Tout d’abord, il convient de s’interroger sur les raisons qui ont soudain poussé le gouvernement à publier voilà deux jours un rapport rédigé en mai 2022 par l’Inspection Générale des Finances, soit plus de 2 ans après. Au Sénat, le sénateur guadeloupéen Victorin Lurel a relancé par deux fois le gouvernement. À l'Assemblée nationale, ce sont les députés guyanais Jean-Victor Castor et Davy Rimane qui ont fait pression pour obtenir la publication de ce rapport. Ils l'obtiendront finalement par la Cada (Commission d'accès aux documents administratifs). Hasard du calendrier ou pas, d’aucuns pourraient y voir un début de réponse à la problématique de la vie chère aux Antilles et singulièrement à la Martinique. Puisque l’essentiel des 44 pages du rapport concerne la SARA et son avenir.
Le fonctionnement de la SARA décortiqué
Les auteurs de ce rapport de 44 pages rappellent que la SARA détient un triple monopole, à savoir l’importation des produits pétroliers, bruts, finis ou semi-finis, le stockage et le raffinage sur les Antilles et la Guyane. Ces activités lui assurent une rémunération garantie de 23 millions d’euros chaque année, et ce depuis 2014.
Les inspecteurs des finances déplorent que les services de l’Etat, et singulièrement les Préfectures, ne soient plus en mesure de contrôler la grille de fixation des prix proposée chaque mois par la SARA. Ils demandent que cette compétence soit transférée à la CRE, la commission de régulation de l’Energie.
Le raffinage, principal facteur du surcoût
De fait, la plus petite raffinerie au monde coûte cher aux automobilistes antillo-guyanais. L’outil de production est ancien et sous-dimensionné, à tel point que la SARA importe aujourd’hui davantage qu’elle ne produit. Les rapporteurs soulignent que la suppression du raffinage permettrait de diminuer le prix du litre de sans-plomb de 14 à 18 centimes. Mais il faudrait alors licencier ou requalifier 112 emplois sur les 336 que compte la SARA.
Or ce qui n’est qu’une hypothèse dans ce rapport pourrait devenir réalité d’ici à quelques années. En 2035, la vente de véhicules à moteur thermique sera interdite en Europe. Conséquence, tous les acteurs de la filière vont être contraints d’évoluer sous peine de disparaître.
Victorin Lurel, sénateur de la Guadeloupe a réagi à la publication du rapport.
Il confirme en premier lieu le bienfondé et l’efficacité des décrets et arrêtés de méthode que j’avais publié contre vents et marées en 2013 et 2014 pour renforcer la transparence des prix, restreindre les marges, contrôler l’activité du secteur et lutter contre l’exorbitance des prix des carburants outre-mer.
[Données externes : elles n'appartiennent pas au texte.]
(* For every $*$-term of the form $P\land^\circ Q$ (with $P$ a $*$-term and $Q\in P^d$), the tree $se(P\land^\circ Q)$ has no candidate disjunction decomposition. For every $*$-term of the form $P\lor^\circ Q$ (with $P$ a $*$-term and $Q\in P^c$), the tree $se(P\lor^\circ Q)$ has no candidate conjunction decomposition.
   Context: Let $A$ be a nonempty set of atoms; terms are closed terms over constants $\mathsf T,\mathsf F$, atoms $a\in A$, unary $\neg$, binary $\land^\circ$, $\lor^\circ$. Evaluation trees $\mathcal T_A$: $\mathsf T,\mathsf F\in\mathcal T_A$ and $(X\unlhd a\unrhd Y)\in\mathcal T_A$ for $X,Y\in\mathcal T_A$, $a\in A$. $\mathcal T_{A,\triangle}$: the same with leaves in $\{\mathsf T,\mathsf F,\triangle\}$. Leaf replacement $X[\ell_1\mapsto Y_1,\ldots]$ replaces every leaf labelled $\ell_i$ by $Y_i$. $se$: $se(\mathsf T)=\mathsf T$, $se(\mathsf F)=\mathsf F$, $se(a)=\mathsf T\unlhd a\unrhd\mathsf F$, $se(\neg P)=se(P)[\mathsf T\mapsto\mathsf F,\mathsf F\mapsto\mathsf T]$, $se(P\land^\circ Q)=se(P)[\mathsf T\mapsto se(Q)]$, $se(P\lor^\circ Q)=se(P)[\mathsf F\mapsto se(Q)]$. Syntactic categories ($a\in A$): $\mathsf T$-terms $P^{\mathsf T}::=\mathsf T\mid(a\land^\circ P^{\mathsf T})\lor^\circ P^{\mathsf T}$; $\mathsf F$-terms $P^{\mathsf F}::=\mathsf F\mid(a\lor^\circ P^{\mathsf F})\land^\circ P^{\mathsf F}$; $\ell$-terms $P^\ell::=(a\land^\circ P^{\mathsf T})\lor^\circ P^{\mathsf F}\mid(\neg a\land^\circ P^{\mathsf T})\lor^\circ P^{\mathsf F}$; $*$-terms $P^*::=P^c\mid P^d$, $P^c::=P^\ell\mid P^*\land^\circ P^d$, $P^d::=P^\ell\mid P^*\lor^\circ P^c$. A pair $(Y,Z)\in\mathcal T_{A,\triangle}\times\mathcal T_A$ is a candidate conjunction decomposition (ccd) of $X\in\mathcal T_A$ if $X=Y[\triangle\mapsto Z]$, $Y$ contains $\triangle$, $Y$ contains $\mathsf F$ but not $\mathsf T$, and $Z$ contains both $\mathsf T$ and $\mathsf F$. It is a candidate disjunction decomposition (cdd) of $X$ if $X=Y[\triangle\mapsto Z]$, $Y$ contains $\triangle$, $Y$ contains $\mathsf T$ but not $\mathsf F$, and $Z$ contains both $\mathsf T$ and $\mathsf F$ ("contains" refers to leaf labels). *)

theory Defs
  imports Main
begin

datatype 'a pterm =
    TT
  | FF
  | Atom 'a
  | Neg "'a pterm"
  | LAnd "'a pterm" "'a pterm"   (* left-sequential conjunction  P \<and>\<^sup>\<circ> Q *)
  | LOr  "'a pterm" "'a pterm"   (* left-sequential disjunction  P \<or>\<^sup>\<circ> Q *)

text \<open>Leaf labels T, F and the extra placeholder label triangle.\<close>
datatype leaf = LT | LF | LTri

datatype 'a etree = Leaf leaf | Node "'a etree" 'a "'a etree"
  (* Node X a Y  represents  X \<unlhd> a \<unrhd> Y *)

fun leaves :: "'a etree \<Rightarrow> leaf set" where
  "leaves (Leaf l) = {l}"
| "leaves (Node X a Y) = leaves X \<union> leaves Y"

definition is_tree :: "'a etree \<Rightarrow> bool" where
  "is_tree X \<longleftrightarrow> LTri \<notin> leaves X"

text \<open>Leaf replacement X[l1 \<mapsto> Y1, ...] given by a function on leaf labels
  (labels not replaced are mapped to the corresponding leaf).\<close>
fun repl :: "'a etree \<Rightarrow> (leaf \<Rightarrow> 'a etree) \<Rightarrow> 'a etree" where
  "repl (Leaf l) f = f l"
| "repl (Node X a Y) f = Node (repl X f) a (repl Y f)"

fun se :: "'a pterm \<Rightarrow> 'a etree" where
  "se TT = Leaf LT"
| "se FF = Leaf LF"
| "se (Atom a) = Node (Leaf LT) a (Leaf LF)"
| "se (Neg P) = repl (se P) ((Leaf)(LT := Leaf LF, LF := Leaf LT))"
| "se (LAnd P Q) = repl (se P) (Leaf(LT := se Q))"
| "se (LOr P Q) = repl (se P) (Leaf(LF := se Q))"

inductive T_term :: "'a pterm \<Rightarrow> bool" where
  "T_term TT"
| "T_term P \<Longrightarrow> T_term Q \<Longrightarrow> T_term (LOr (LAnd (Atom a) P) Q)"

inductive F_term :: "'a pterm \<Rightarrow> bool" where
  "F_term FF"
| "F_term P \<Longrightarrow> F_term Q \<Longrightarrow> F_term (LAnd (LOr (Atom a) P) Q)"

inductive ell_term :: "'a pterm \<Rightarrow> bool" where
  "T_term P \<Longrightarrow> F_term Q \<Longrightarrow> ell_term (LOr (LAnd (Atom a) P) Q)"
| "T_term P \<Longrightarrow> F_term Q \<Longrightarrow> ell_term (LOr (LAnd (Neg (Atom a)) P) Q)"

inductive c_term :: "'a pterm \<Rightarrow> bool" and d_term :: "'a pterm \<Rightarrow> bool" where
  "ell_term P \<Longrightarrow> c_term P"
| "c_term P \<Longrightarrow> d_term Q \<Longrightarrow> c_term (LAnd P Q)"
| "d_term P \<Longrightarrow> d_term Q \<Longrightarrow> c_term (LAnd P Q)"
| "ell_term P \<Longrightarrow> d_term P"
| "c_term P \<Longrightarrow> c_term Q \<Longrightarrow> d_term (LOr P Q)"
| "d_term P \<Longrightarrow> c_term Q \<Longrightarrow> d_term (LOr P Q)"

definition star_term :: "'a pterm \<Rightarrow> bool" where
  "star_term P \<longleftrightarrow> c_term P \<or> d_term P"

definition ccd :: "'a etree \<Rightarrow> 'a etree \<Rightarrow> 'a etree \<Rightarrow> bool" where
  "ccd Y Z X \<longleftrightarrow> is_tree Z \<and> X = repl Y (Leaf(LTri := Z)) \<and> LTri \<in> leaves Y
     \<and> LF \<in> leaves Y \<and> LT \<notin> leaves Y \<and> LT \<in> leaves Z \<and> LF \<in> leaves Z"

definition cdd :: "'a etree \<Rightarrow> 'a etree \<Rightarrow> 'a etree \<Rightarrow> bool" where
  "cdd Y Z X \<longleftrightarrow> is_tree Z \<and> X = repl Y (Leaf(LTri := Z)) \<and> LTri \<in> leaves Y
     \<and> LT \<in> leaves Y \<and> LF \<notin> leaves Y \<and> LT \<in> leaves Z \<and> LF \<in> leaves Z"

end

theory Submission
  imports Defs
begin

text \<open>
  Suppose se (P and Q) = Y[hole := Z] with Y free of F-leaves. Each F-leaf of
  se P survives in se (P and Q), so it lies inside a copy of Z; hence Z is a subtree of
  se P with its T-leaves replaced by se Q, and Z is strictly larger than se Q. On the other
  hand Y has a T-leaf; it lies below a T-leaf of se P, i.e. inside a copy of se Q, and since
  se Q has an F-leaf but Y has none, a hole of Y sits inside that copy, so Z is no larger than
  se Q. The disjunctive case is the same with T and F exchanged.
\<close>

lemma leaves_repl: "leaves (repl S f) = (\<Union>l\<in>leaves S. leaves (f l))"
  by (induction S) auto

lemma repl_id: "\<forall>l\<in>leaves S. f l = Leaf l \<Longrightarrow> repl S f = S"
  by (induction S) auto

lemma LTri_notin_leaves_se: "LTri \<notin> leaves (se P)"
  by (induction P) (auto simp: leaves_repl split: if_splits)

lemma leaves_se_T_term: "T_term P \<Longrightarrow> leaves (se P) = {LT}"
  by (induction rule: T_term.induct) (auto simp: leaves_repl)

lemma leaves_se_F_term: "F_term P \<Longrightarrow> leaves (se P) = {LF}"
  by (induction rule: F_term.induct) (auto simp: leaves_repl)

lemma leaves_se_ell_term: "ell_term P \<Longrightarrow> leaves (se P) = {LT, LF}"
  by (induction rule: ell_term.induct)
    (auto simp: leaves_repl leaves_se_T_term leaves_se_F_term)

lemma leaves_se_c_term_d_term:
  "c_term (P :: 'a pterm) \<Longrightarrow> leaves (se P) = {LT, LF}"
  "d_term (Q :: 'a pterm) \<Longrightarrow> leaves (se Q) = {LT, LF}"
  by (induct P and Q rule: c_term_d_term.inducts) (auto simp: leaves_repl leaves_se_ell_term)

lemma leaves_se_star_term: "star_term P \<Longrightarrow> leaves (se P) = {LT, LF}"
  using leaves_se_c_term_d_term unfolding star_term_def by blast

lemma size_le_size_repl: "u \<in> leaves S \<Longrightarrow> size W \<le> size (repl S (Leaf(u := W)))"
  by (induction S) auto

lemma size_less_size_repl_Node:
  "u \<in> leaves (Node S1 a S2) \<Longrightarrow> size W < size (repl (Node S1 a S2) (Leaf(u := W)))"
  using size_le_size_repl[of u S1 W] size_le_size_repl[of u S2 W] by auto

text \<open>
  Follow a u-leaf of Y down through S: it ends at a u-leaf of S, where the corresponding
  subtree of Y must expand to W; as W has a v-leaf and Y has none, that subtree contains a hole.
\<close>
lemma size_hole_le_if_repl_eq:
  assumes "repl Y (Leaf(LTri := Z)) = repl S (Leaf(u := W))" "LTri \<notin> leaves S"
    "v \<notin> leaves Y" "v \<in> leaves W" "u \<noteq> LTri" "v \<noteq> LTri" "u \<noteq> v"
  shows "u \<notin> leaves Y \<or> size Z \<le> size W"
  using assms
proof (induction S arbitrary: Y)
  case (Leaf l)
  show ?case
  proof (cases "l = u")
    case True
    show ?thesis
    proof (cases "LTri \<in> leaves Y")
      case True
      then show ?thesis
        using Leaf size_le_size_repl[of LTri Y Z] \<open>l = u\<close> by (auto simp: fun_upd_def)
    next
      case False
      then have "repl Y (Leaf(LTri := Z)) = Y" by (intro repl_id) auto
      then show ?thesis using Leaf \<open>l = u\<close> by auto
    qed
  next
    case False
    then show ?thesis using Leaf by (cases Y) (auto split: if_splits)
  qed
next
  case (Node S1 a S2)
  then show ?case by (cases Y) (auto split: if_splits)
qed

text \<open>
  Follow a v-leaf of S down through Y: since Y has no v-leaf, the path meets a hole, and the
  subtree of S there expands to Z.
\<close>
lemma hole_eq_repl_subtree_if_repl_eq:
  assumes "repl Y (Leaf(LTri := Z)) = repl S (Leaf(u := W))" "LTri \<notin> leaves S"
    "v \<in> leaves S" "v \<notin> leaves Y" "u \<in> leaves Z" "u \<noteq> LTri" "v \<noteq> LTri" "u \<noteq> v"
  shows "\<exists>S1 a S2. u \<in> leaves (Node S1 a S2) \<and> Z = repl (Node S1 a S2) (Leaf(u := W))"
  using assms
proof (induction S arbitrary: Y)
  case (Leaf l)
  then show ?case by (cases Y) (auto split: if_splits)
next
  case (Node S1 a S2)
  show ?case
  proof (cases Y)
    case (Leaf l)
    show ?thesis
    proof (cases "u \<in> leaves (Node S1 a S2)")
      case True
      then show ?thesis using Node.prems Leaf by (auto split: if_splits)
    next
      case False
      then have S_unchanged: "repl (Node S1 a S2) (Leaf(u := W)) = Node S1 a S2"
        by (intro repl_id) auto
      have "l = LTri" using Node.prems Leaf by (cases l) auto
      then have "Z = Node S1 a S2"
        using Node.prems(1) Leaf S_unchanged by (simp add: fun_upd_def)
      then show ?thesis using Node.prems(5) False by simp
    qed
  next
    case (Node Y1 b Y2)
    then show ?thesis using Node.IH Node.prems by auto
  qed
qed

lemma no_hole_decomposition_of_repl:
  assumes "repl Y (Leaf(LTri := Z)) = repl S (Leaf(u := W))" "LTri \<notin> leaves S"
    "v \<in> leaves S" "v \<notin> leaves Y" "u \<in> leaves Z" "u \<in> leaves Y" "v \<in> leaves W"
    "u \<noteq> LTri" "v \<noteq> LTri" "u \<noteq> v"
  shows False
proof -
  have "size Z \<le> size W"
    using size_hole_le_if_repl_eq[OF assms(1,2,4,7,8,9,10)] assms(6) by auto
  moreover obtain S1 a S2 where
    "u \<in> leaves (Node S1 a S2)" "Z = repl (Node S1 a S2) (Leaf(u := W))"
    using hole_eq_repl_subtree_if_repl_eq[OF assms(1,2,3,4,5,8,9,10)] by blast
  then have "size W < size Z" using size_less_size_repl_Node by metis
  ultimately show False by simp
qed

theorem lemma3p5:
  fixes P Q :: "'a pterm"
  shows "(star_term P \<and> d_term Q \<longrightarrow> (\<nexists>Y Z. cdd Y Z (se (LAnd P Q))))
       \<and> (star_term P \<and> c_term Q \<longrightarrow> (\<nexists>Y Z. ccd Y Z (se (LOr P Q))))"
proof (intro conjI impI notI)
  assume "star_term P \<and> d_term Q" and "\<exists>Y Z. cdd Y Z (se (LAnd P Q))"
  then obtain Y Z where "cdd Y Z (se (LAnd P Q))"
    and "leaves (se P) = {LT, LF}" "leaves (se Q) = {LT, LF}"
    using leaves_se_star_term leaves_se_c_term_d_term by blast
  then show False
    using no_hole_decomposition_of_repl[of Y Z "se P" LT "se Q" LF] LTri_notin_leaves_se[of P]
    unfolding cdd_def by auto
next
  assume "star_term P \<and> c_term Q" and "\<exists>Y Z. ccd Y Z (se (LOr P Q))"
  then obtain Y Z where "ccd Y Z (se (LOr P Q))"
    and "leaves (se P) = {LT, LF}" "leaves (se Q) = {LT, LF}"
    using leaves_se_star_term leaves_se_c_term_d_term by blast
  then show False
    using no_hole_decomposition_of_repl[of Y Z "se P" LF "se Q" LT] LTri_notin_leaves_se[of P]
    unfolding ccd_def by auto
qed

end
(* Let $G$ be a group with neutral element $e$ and let $S=\bigoplus_{g\in G}S_g$ be an epsilon-strongly $G$-graded ring. (a) If $S_e$ is block decomposable, then $S$ is epsilon-finitely $G$-graded. (b) If $S_e$ is left or right noetherian, then $S$ is epsilon-finitely $G$-graded. In particular, if $S_e$ is left or right noetherian and $N$ is any normal subgroup of $G$, then the induced $G/N$-grading of $S$ is epsilon-strong.
   Context: Rings are associative, not necessarily unital; $AB$ denotes finite sums of products. A $G$-grading ($S=\bigoplus_gS_g$, $S_gS_h\subseteq S_{gh}$) is epsilon-strong if $S_gS_{g^{-1}}S_g=S_g$ for all $g$ and each ring $S_gS_{g^{-1}}$ has a multiplicative identity element $\epsilon_g$ (then $S$ and $S_e$ are unital and the $\epsilon_g$ are central idempotents of $S_e$). It is epsilon-finite if it is epsilon-strong and $\bigvee\{\epsilon_g\mid g\in G\}$ (the set of finite joins, $a\vee b=a+b-ab$) is finite. A unital ring $R$ is block decomposable if $1=c_1+\cdots+c_r$ with each $c_i$ a central primitive idempotent. Induced grading: $S_C=\bigoplus_{g\in C}S_g$ for $C\in G/N$. *)

theory Defs
  imports "HOL-Algebra.Coset"
begin

text \<open>The ring S is the whole (possibly non-unital) type 'a of class ring.
  AB = set of finite sums of products a*b with a in A, b in B.\<close>

definition setmul :: "'a::ring set \<Rightarrow> 'a set \<Rightarrow> 'a set" where
  "setmul A B = {x. \<exists>(n::nat) a b. (\<forall>i<n. a i \<in> A \<and> b i \<in> B) \<and> x = (\<Sum>i<n. a i * b i)}"

definition graded_ring :: "('g, 'm) monoid_scheme \<Rightarrow> ('g \<Rightarrow> 'a::ring set) \<Rightarrow> bool" where
  "graded_ring G S \<longleftrightarrow> group G
    \<and> (\<forall>g\<in>carrier G. 0 \<in> S g \<and> (\<forall>x\<in>S g. \<forall>y\<in>S g. x + y \<in> S g \<and> - x \<in> S g))
    \<and> (\<forall>g\<in>carrier G. \<forall>h\<in>carrier G. \<forall>x\<in>S g. \<forall>y\<in>S h. x * y \<in> S (g \<otimes>\<^bsub>G\<^esub> h))
    \<and> (\<forall>x. \<exists>F f. finite F \<and> F \<subseteq> carrier G \<and> (\<forall>g\<in>F. f g \<in> S g) \<and> x = sum f F)
    \<and> (\<forall>F f. finite F \<and> F \<subseteq> carrier G \<and> (\<forall>g\<in>F. f g \<in> S g) \<and> sum f F = 0
              \<longrightarrow> (\<forall>g\<in>F. f g = 0))"

definition is_identity_of :: "'a::ring \<Rightarrow> 'a set \<Rightarrow> bool" where
  "is_identity_of u R \<longleftrightarrow> u \<in> R \<and> (\<forall>x\<in>R. u * x = x \<and> x * u = x)"

definition epsilon_strong :: "('g, 'm) monoid_scheme \<Rightarrow> ('g \<Rightarrow> 'a::ring set) \<Rightarrow> bool" where
  "epsilon_strong G S \<longleftrightarrow> graded_ring G S \<and>
     (\<forall>g\<in>carrier G.
        setmul (setmul (S g) (S (inv\<^bsub>G\<^esub> g))) (S g) = S g
      \<and> (\<exists>u. is_identity_of u (setmul (S g) (S (inv\<^bsub>G\<^esub> g)))))"

definition eps :: "('g, 'm) monoid_scheme \<Rightarrow> ('g \<Rightarrow> 'a::ring set) \<Rightarrow> 'g \<Rightarrow> 'a" where
  "eps G S g = (THE u. is_identity_of u (setmul (S g) (S (inv\<^bsub>G\<^esub> g))))"

inductive_set join_closure :: "'a::ring set \<Rightarrow> 'a set" for X where
  base: "x \<in> X \<Longrightarrow> x \<in> join_closure X"
| join: "a \<in> join_closure X \<Longrightarrow> b \<in> join_closure X \<Longrightarrow> a + b - a * b \<in> join_closure X"

definition epsilon_finite :: "('g, 'm) monoid_scheme \<Rightarrow> ('g \<Rightarrow> 'a::ring set) \<Rightarrow> bool" where
  "epsilon_finite G S \<longleftrightarrow> epsilon_strong G S \<and>
     finite (join_closure (eps G S ` carrier G))"

definition central_idempotent :: "'a::ring set \<Rightarrow> 'a \<Rightarrow> bool" where
  "central_idempotent R c \<longleftrightarrow> c \<in> R \<and> c * c = c \<and> (\<forall>x\<in>R. c * x = x * c)"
Une série de textes réglementaires qui aura permis de contenir la flambée des prix, objectiver leur montant et réduire de 10 millions d’euros chaque année les marges de la raffinerie SARA.
Victorin Lurel, sénateur de Guadeloupe
Compte tenu de l’importance de cette problématique pour le quotidien des populations antillo-guyanaises, le sénateur a d'ailleurs sollicité, auprès du préfet de Guadeloupe, l’organisation d’une réunion de travail pour évoquer les suites qui seront données à ces propositions.
Je retiens de nombreuses propositions – formulées personnellement de longue date – pour, d’une part, améliorer le contrôle de l’application des textes et, d’autre part, parfaire les dispositifs visant à favoriser l’entrée de nouveaux acteurs, à renforcer la transparence sur les comptes et donc les marges, à transférer la régulation de la SARA à la Commission de Régulation de l’Energie et à clarifier les grilles de fixation des prix.
Victorin Lurel, sénateur de Guadeloupe
Sollicités, les services de l'Etat n'ont pas souhaité s'exprimer pour l'instant sur ce dossier.